Objective: To examine the costs of hospitalizations related to heart failure (HF) among patients aged 18 to 64 years by diagnosis status.
Background: There are few reports on HF-related hospitalization costs in patients aged 18 to 64 years, although this group has had increased HF hospitalization rates in recent decades.
Methods: Using the 2005 MarketScan Commercial Claims and Encounters inpatient data set, we identified 23,216 hospitalizations for which HF was the primary or secondary diagnosis among patients aged 18 to 64 years who had a noncapitated health insurance plan. We used multivariate regression to analyze the association between patient characteristics and both hospitalization costs and length of stay (LOS).

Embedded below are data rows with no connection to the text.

(* Each of the logics $\mathbf T$, $\mathbf{KTB}$, $\mathbf{S4}$, $\mathbf{S5}$, $\mathbf{S4.2}$, $\mathbf{S4.3}$ has the strong boxdot property. That is, for each such logic $L_0$ and every normal modal logic $L$, if $\mathrm{BD}(L)\subseteq L_0$ then $L\subseteq L_0$. In particular (the boxdot conjecture), for every normal modal logic $L$: if $\mathrm{BD}(L)=\mathbf T$ then $L\subseteq\mathbf T$.
   Context: Modal formulas are built from propositional variables with Boolean connectives and a single modality $\Box$, with $\Diamond=\neg\Box\neg$. A normal modal logic (nml) contains all tautologies and $\Box(p\to q)\to(\Box p\to\Box q)$, and is closed under modus ponens, necessitation and substitution. $\mathbf K$ is the least nml, and $L\oplus\alpha$ denotes the least nml containing $L\cup\{\alpha\}$. The logics are: - $\mathbf T=\mathbf K\oplus(\Box p\to p)$; - $\mathbf{KTB}=\mathbf T\oplus(p\to\Box\Diamond p)$; - $\mathbf{S4}=\mathbf T\oplus(\Box p\to\Box\Box p)$; - $\mathbf{S5}=\mathbf{S4}\oplus(p\to\Box\Diamond p)$; - $\mathbf{S4.2}=\mathbf{S4}\oplus(\Diamond\Box p\to\Box\Diamond p)$; - $\mathbf{S4.3}=\mathbf{S4}\oplus(\Box(\Box p\to q)\vee\Box(\Box q\to p))$. The boxdot translation $\varphi\mapsto\varphi^{\boxdot}$ fixes propositional variables, commutes with Boolean connectives, and satisfies $(\Box\varphi)^{\boxdot}=\varphi^{\boxdot}\wedge\Box\varphi^{\boxdot}$. For an nml $L$, $\mathrm{BD}(L)=\{\varphi:\varphi^{\boxdot}\in L\}$. *)

theory Defs
  imports Main
begin

datatype fm = Var nat | Bot | Imp fm fm | Box fm

definition Neg :: "fm \<Rightarrow> fm" where "Neg a = Imp a Bot"
definition Top :: fm where "Top = Neg Bot"
definition Or :: "fm \<Rightarrow> fm \<Rightarrow> fm" where "Or a b = Imp (Neg a) b"
definition And :: "fm \<Rightarrow> fm \<Rightarrow> fm" where "And a b = Neg (Imp a (Neg b))"
definition Dia :: "fm \<Rightarrow> fm" where "Dia a = Neg (Box (Neg a))"

fun peval :: "(fm \<Rightarrow> bool) \<Rightarrow> fm \<Rightarrow> bool" where
  "peval v (Var n) = v (Var n)"
| "peval v Bot = False"
| "peval v (Imp a b) = (peval v a \<longrightarrow> peval v b)"
| "peval v (Box a) = v (Box a)"

definition tautology :: "fm \<Rightarrow> bool" where
  "tautology a \<longleftrightarrow> (\<forall>v. peval v a)"

fun subst :: "(nat \<Rightarrow> fm) \<Rightarrow> fm \<Rightarrow> fm" where
  "subst s (Var n) = s n"
| "subst s Bot = Bot"
| "subst s (Imp a b) = Imp (subst s a) (subst s b)"
| "subst s (Box a) = Box (subst s a)"

abbreviation p :: fm where "p \<equiv> Var 0"
abbreviation q :: fm where "q \<equiv> Var 1"

definition nml :: "fm set \<Rightarrow> bool" where
  "nml L \<longleftrightarrow>
     {a. tautology a} \<subseteq> L
   \<and> Imp (Box (Imp p q)) (Imp (Box p) (Box q)) \<in> L
   \<and> (\<forall>a b. a \<in> L \<longrightarrow> Imp a b \<in> L \<longrightarrow> b \<in> L)
   \<and> (\<forall>a. a \<in> L \<longrightarrow> Box a \<in> L)
   \<and> (\<forall>a s. a \<in> L \<longrightarrow> subst s a \<in> L)"
text \<open>The mean map is the gradient of the strictly convex \<open>ln Zf\<close>: along a segment its
  directional derivative is a positive definite quadratic form.\<close>
lemma inj_on_meanT: "inj_on (meanT lam T) (interior NS)"
proof (rule inj_onI, rule ccontr)
  fix b1 b2 assume b1: "b1 \<in> interior NS" and b2: "b2 \<in> interior NS"
    and eq: "meanT lam T b1 = meanT lam T b2" and ne: "b1 \<noteq> b2"
  define d where "d = b2 - b1"
  have d0: "d \<noteq> 0" using ne unfolding d_def by simp
  define p where "p s = b1 + s *\<^sub>R d" for s :: real
  have cvx: "convex (interior NS)" by (rule convex_interior[OF convex_nat_space])
  have pin: "p s \<in> interior NS" if "0 \<le> s" "s \<le> 1" for s
  proof -
    have "(1 - s) *\<^sub>R b1 + s *\<^sub>R b2 \<in> interior NS"
      using cvx b1 b2 that unfolding convex_def by auto
    moreover have "(1 - s) *\<^sub>R b1 + s *\<^sub>R b2 = p s" unfolding p_def d_def by (simp add: algebra_simps)
    ultimately show ?thesis by simp
  qed
  define \<phi> where "\<phi> s = meanT lam T (p s) \<bullet> d" for s
  have dphi: "DERIV \<phi> s :> d \<bullet> (nat_cov (p s) *v d)" if "0 \<le> s" "s \<le> 1" for s
  proof -
    have dp: "(p has_derivative (\<lambda>t. t *\<^sub>R d)) (at s)"
      unfolding p_def[abs_def] by (auto intro!: derivative_eq_intros)
    have dm: "((\<lambda>s. meanT lam T (p s)) has_derivative (\<lambda>t. nat_cov (p s) *v (t *\<^sub>R d))) (at s)"
      by (rule has_derivative_compose[OF dp meanT_has_derivative[OF pin[OF that]]])
    have "(\<phi> has_derivative (\<lambda>t. (nat_cov (p s) *v (t *\<^sub>R d)) \<bullet> d)) (at s)"
      unfolding \<phi>_def[abs_def]
      by (rule bounded_linear.has_derivative[OF bounded_linear_inner_left dm])
    moreover have "(\<lambda>t. (nat_cov (p s) *v (t *\<^sub>R d)) \<bullet> d) = (*) (d \<bullet> (nat_cov (p s) *v d))"
      by (auto simp: fun_eq_iff matrix_vector_mult_scaleR inner_commute)
    ultimately show ?thesis unfolding has_field_derivative_def by simp
  qed
  have cont: "continuous_on {0..1} \<phi>"
    using dphi by (intro continuous_at_imp_continuous_on ballI) (auto intro: DERIV_isCont)
  have dif: "\<phi> differentiable (at x)" if "0 < x" "x < 1" for x
    using dphi[of x] that by (auto simp: real_differentiable_def)
  have "\<exists>l z. 0 < z \<and> z < 1 \<and> DERIV \<phi> z :> l \<and> \<phi> 1 - \<phi> 0 = (1 - 0) * l"
    by (rule MVT) (use cont dif in auto)
  then obtain l z where z: "0 < z" "z < 1" and dz: "DERIV \<phi> z :> l" and mv: "\<phi> 1 - \<phi> 0 = (1 - 0) * l"
    by blast
  have l: "l = d \<bullet> (nat_cov (p z) *v d)" using DERIV_unique[OF dz dphi[of z]] z by simp
  have "l > 0" unfolding l using nat_cov_sym_pos_def[OF pin[of z]] z d0 unfolding sym_pos_def_def by auto
  moreover have "\<phi> 1 = \<phi> 0" unfolding \<phi>_def p_def d_def using eq by simp
  ultimately show False using mv by simp
qed
text \<open>Relabel a graph \<open>G\<close> by a uniformly random permutation of its vertices and call an edge
  cheap if its endpoints have a common neighbour with a smaller label than both. An edge lying
  in \<open>t\<^sub>e\<close> triangles is cheap with probability \<open>t\<^sub>e / (t\<^sub>e + 2) \<ge> t\<^sub>e / (d + 1)\<close>, with an extra
  \<open>\<delta> d / (3 d + 3)\<close> for \<open>\<delta>\<close>-bad edges, so the triangle and bad-edge conditions make the
  expected number of cheap edges at least \<open>\<alpha> m\<close>, where \<open>m = d n / 2\<close> is the number of edges and
  \<open>\<alpha> = c (d - 1) / (d + 1) + \<epsilon> \<delta> d / (3 d + 3)\<close>. By a reverse Markov inequality a
  \<open>1 / (m + 1)\<close> fraction of the relabellings has at least \<open>\<alpha> m - 1\<close> cheap edges, so up to a
  factor \<open>m + 1\<close> it suffices to count \<open>d\<close>-regular graphs with that many cheap edges.

  Such a graph is encoded by listing the forward neighbourhood of every vertex in increasing
  order. The far end of a cheap edge is adjacent to an earlier neighbour, hence is one of at most
  \<open>d\<^sup>2\<close> known vertices, and costs \<open>ln d\<close> instead of \<open>ln (n / d)\<close>. This gives the bound
  \<open>\<alpha> m ln d + (1 - \<alpha>) m ln (n / d) + O(d n)\<close> when \<open>d\<^sup>2 \<le> n\<close>; when \<open>d\<^sup>2 > n\<close> the trivial
  encoding is already good enough.\<close>

section \<open>Counting and elementary estimates\<close>

lemma sum_card_filter_swap:
  assumes "finite A" "finite B"
  shows "(\<Sum>a\<in>A. card {b\<in>B. R a b}) = (\<Sum>b\<in>B. card {a\<in>A. R a b})"
proof -
  have card_filter: "card {x\<in>X. P x} = (\<Sum>x\<in>X. if P x then 1 else 0)"
    if "finite X" for X and P :: "'c \<Rightarrow> bool"
    using that by (simp add: sum.If_cases Int_def)
  have "(\<Sum>a\<in>A. card {b\<in>B. R a b}) = (\<Sum>a\<in>A. \<Sum>b\<in>B. if R a b then 1 else 0)"
    using assms by (simp add: card_filter)
  also have "\<dots> = (\<Sum>b\<in>B. \<Sum>a\<in>A. if R a b then 1 else 0)" by (rule sum.swap)
  also have "\<dots> = (\<Sum>b\<in>B. card {a\<in>A. R a b})"
    using assms by (simp add: card_filter)
  finally show ?thesis .
qed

Results: For the entire population, the mean cost of hospitalization was $23,077; the cost was higher when HF was a secondary rather than the primary diagnosis ($25,325 vs $17,654; P <.001). After controlling for covariates, hospitalizations with HF as a secondary diagnosis resulted in $3944 higher costs than those with HF as the primary diagnosis (P <.001). Among those with HF as a secondary diagnosis, the cost of hospitalization with the primary diagnosis of ischemic heart disease was $14,989 higher than it was when the primary diagnosis was noncardiovascular disease and nonrespiratory conditions (P <.001). However, patients in the latter group had a longer LOS.
Conclusions: Information on the costs of HF-related hospitalizations can be used as inputs in economic evaluations such as cost-effectiveness analyses and as references for policy makers in making resource allocation decisions.